I must say that I for one will certainly view SHC disaster exercises from a different perspective in the future. Despite everything else we are responsible for doing each day, we must as individuals learn and develop strategies that will prevent our institution - and our medical practices and communities - from falling into chaos.
We think that as smart or even brilliant people we have the resources we need to respond to disasters in creative and innovative ways. We do have that potential. But we won’t be able to respond appropriately unless everyone is on the same page using the appropriate template. And we won’t get there until we become familiar with that template. Our disaster exercises breed that familiarity.
At SHC we do have an infrastructure. Last month I was heartened to read an insert placed in the Medical Staff Update that describes disaster preparations here at SHC. It was written by emergency medicine faculty member Eric Weiss, with the collaboration of Medical Staff President Kent Garman. We have the tools we need to work with our communities to bring more diligence and creativity to the mock disasters we simulate during our drills, and thus we become better prepared.

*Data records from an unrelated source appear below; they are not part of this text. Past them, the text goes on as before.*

lemma norm_transpose: "norm (transpose (A::real^'c^'m)) = norm A"
proof -
  have "(norm (transpose A))\<^sup>2 = (norm A)\<^sup>2"
    unfolding norm_matrix_squared_columns[of A] by (simp add: norm_vec_squared column_def transpose_def)
  then show ?thesis by simp
qed

lemma norm_matrix_vector_mult_le: "norm ((A::real^'c^'m) *v x) \<le> norm A * norm x"
proof -
  have "(norm (A *v x))\<^sup>2 = (\<Sum>i\<in>UNIV. (A$i \<bullet> x)\<^sup>2)"
    unfolding norm_vec_squared by (simp add: matrix_vector_mult_def inner_vec_def)
  also have "\<dots> \<le> (\<Sum>i\<in>UNIV. (norm (A$i))\<^sup>2 * (norm x)\<^sup>2)"
    by (intro sum_mono) (metis Cauchy_Schwarz_ineq2 abs_ge_zero power_mono power_mult_distrib power2_abs)
  also have "\<dots> = (norm A * norm x)\<^sup>2"
    by (simp add: norm_vec_squared[of A] power_mult_distrib sum_distrib_right)
  finally show ?thesis by (rule power2_le_imp_le) simp
qed

lemma spec_norm_le_norm: "spec_norm A \<le> norm A"
  unfolding spec_norm_def by (rule onorm_le) (rule norm_matrix_vector_mult_le)

lemma norm_matrix_mult_ge_columnwise:
  fixes A :: "real^'n^'m" and B :: "real^'c^'n"
  assumes "\<And>x. c * norm x \<le> norm (A *v x)" and "0 \<le> c"
  shows "c * norm B \<le> norm (A ** B)"
proof -
  have "(c * norm B)\<^sup>2 = (\<Sum>j\<in>UNIV. (c * norm (column j B))\<^sup>2)"
    by (simp add: power_mult_distrib norm_matrix_squared_columns sum_distrib_left)
  also have "\<dots> \<le> (\<Sum>j\<in>UNIV. (norm (A *v column j B))\<^sup>2)"
    by (intro sum_mono power_mono assms) (simp add: assms)
  also have "\<dots> = (norm (A ** B))\<^sup>2"
    by (simp add: norm_matrix_squared_columns[of "A ** B"] column_matrix_mult)
  finally show ?thesis by (rule power2_le_imp_le) simp
qed

lemma norm_matrix_mult_le_columnwise:
  fixes A :: "real^'n^'m" and B :: "real^'c^'n"
  assumes "\<And>x. norm (A *v x) \<le> c * norm x" and "0 \<le> c"
  shows "norm (A ** B) \<le> c * norm B"
proof -
  have "(norm (A ** B))\<^sup>2 = (\<Sum>j\<in>UNIV. (norm (A *v column j B))\<^sup>2)"
    by (simp add: norm_matrix_squared_columns[of "A ** B"] column_matrix_mult)
  also have "\<dots> \<le> (\<Sum>j\<in>UNIV. (c * norm (column j B))\<^sup>2)"
    by (intro sum_mono power_mono assms) simp
  also have "\<dots> = (c * norm B)\<^sup>2"
    by (simp add: power_mult_distrib norm_matrix_squared_columns sum_distrib_left)
  finally show ?thesis by (rule power2_le_imp_le) (simp add: assms)
qed

lemma norm_matrix_mult_le: "norm ((A::real^'n^'m) ** (B::real^'c^'n)) \<le> norm A * norm B"
  by (rule norm_matrix_mult_le_columnwise[OF norm_matrix_vector_mult_le]) simp

lemma matrix_inv_right: "invertible A \<Longrightarrow> A ** matrix_inv A = mat 1"
  and matrix_inv_left: "invertible A \<Longrightarrow> matrix_inv A ** A = mat 1"
  unfolding invertible_def matrix_inv_def by (metis (mono_tags, lifting) someI_ex)+

lemma matrix_inv_unique_right:
  fixes A B :: "real^'n^'n"
  assumes "A ** B = mat 1"
  shows "invertible A" and "matrix_inv A = B"
proof -
  show inv: "invertible A" using assms invertible_right_inverse by blast
  have "matrix_inv A = matrix_inv A ** (A ** B)" using assms by simp
  also have "\<dots> = B" by (simp add: matrix_mul_assoc matrix_inv_left[OF inv])
  finally show "matrix_inv A = B" .
qed

lemma norm_isometry_mult_vector:
  fixes U :: "real^'r^'n"
  assumes "transpose U ** U = mat 1"
  shows "norm (U *v x) = norm x"
proof -
  have "(norm (U *v x))\<^sup>2 = x \<bullet> (transpose U *v (U *v x))"
    by (simp add: power2_norm_eq_inner dot_lmul_matrix[symmetric] inner_commute)
  also have "\<dots> = (norm x)\<^sup>2"
    by (simp add: matrix_vector_mul_assoc assms power2_norm_eq_inner)
  finally show ?thesis by simp
qed

lemma sing_val_card_eq_Inf:
  "sing_val CARD('c) (A::real^'c::finite^'m) = Inf {norm (A *v x) | x. norm x = 1}"
proof -
  have "subspace S \<and> dim S = CARD('c) \<longleftrightarrow> S = UNIV" for S :: "(real^'c) set"
  proof
    assume S: "subspace S \<and> dim S = CARD('c)"
    then have "span S = UNIV" using dim_eq_full[of S] by simp
    then show "S = UNIV" using S span_eq_iff by blast
  qed simp
  then have "{Inf {norm (A *v x) | x. x \<in> S \<and> norm x = 1} | S. subspace S \<and> dim S = CARD('c)}
      = {Inf {norm (A *v x) | x. norm x = 1}}" by auto
  then show ?thesis unfolding sing_val_def by simp
qed

lemma sing_val_card_le: "sing_val CARD('c) (A::real^'c::finite^'m) * norm x \<le> norm (A *v x)"
proof (cases "x = 0")
  case False
  have "sing_val CARD('c) A \<le> norm (A *v (x /\<^sub>R norm x))"
    unfolding sing_val_card_eq_Inf
    by (rule cInf_lower) (use False in \<open>auto intro: bdd_belowI[where m=0]\<close>)
  then show ?thesis using False by (simp add: matrix_vector_mult_scaleR field_simps)
qed simp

We have already seen positive signs that at Stanford we do wish to be involved. I want to acknowledge the outpouring of volunteerism from our physicians, nurses and other staff members who stood ready to travel to the Southeast to help those in need or who have volunteered to provide housing, supplies and money.
Our residency training programs have opened their arms to welcome at least three trainees who have been displaced because their hospitals have not been able to continue their training at least temporarily in the wake of the rebuilding efforts in the Southeast. I am in awe of our community’s generosity and altruism.
Since this is the November column and Thanksgiving Holiday is soon upon us, I wish to proclaim how thankful I am that we haven’t had to deal with the type of disasters first hand which others have this year. I am also thankful that we are surrounded by compassionate, giving people who are eager to reach out to those in need - and now hopefully also to assist in contingency planning here before an emergency hits home.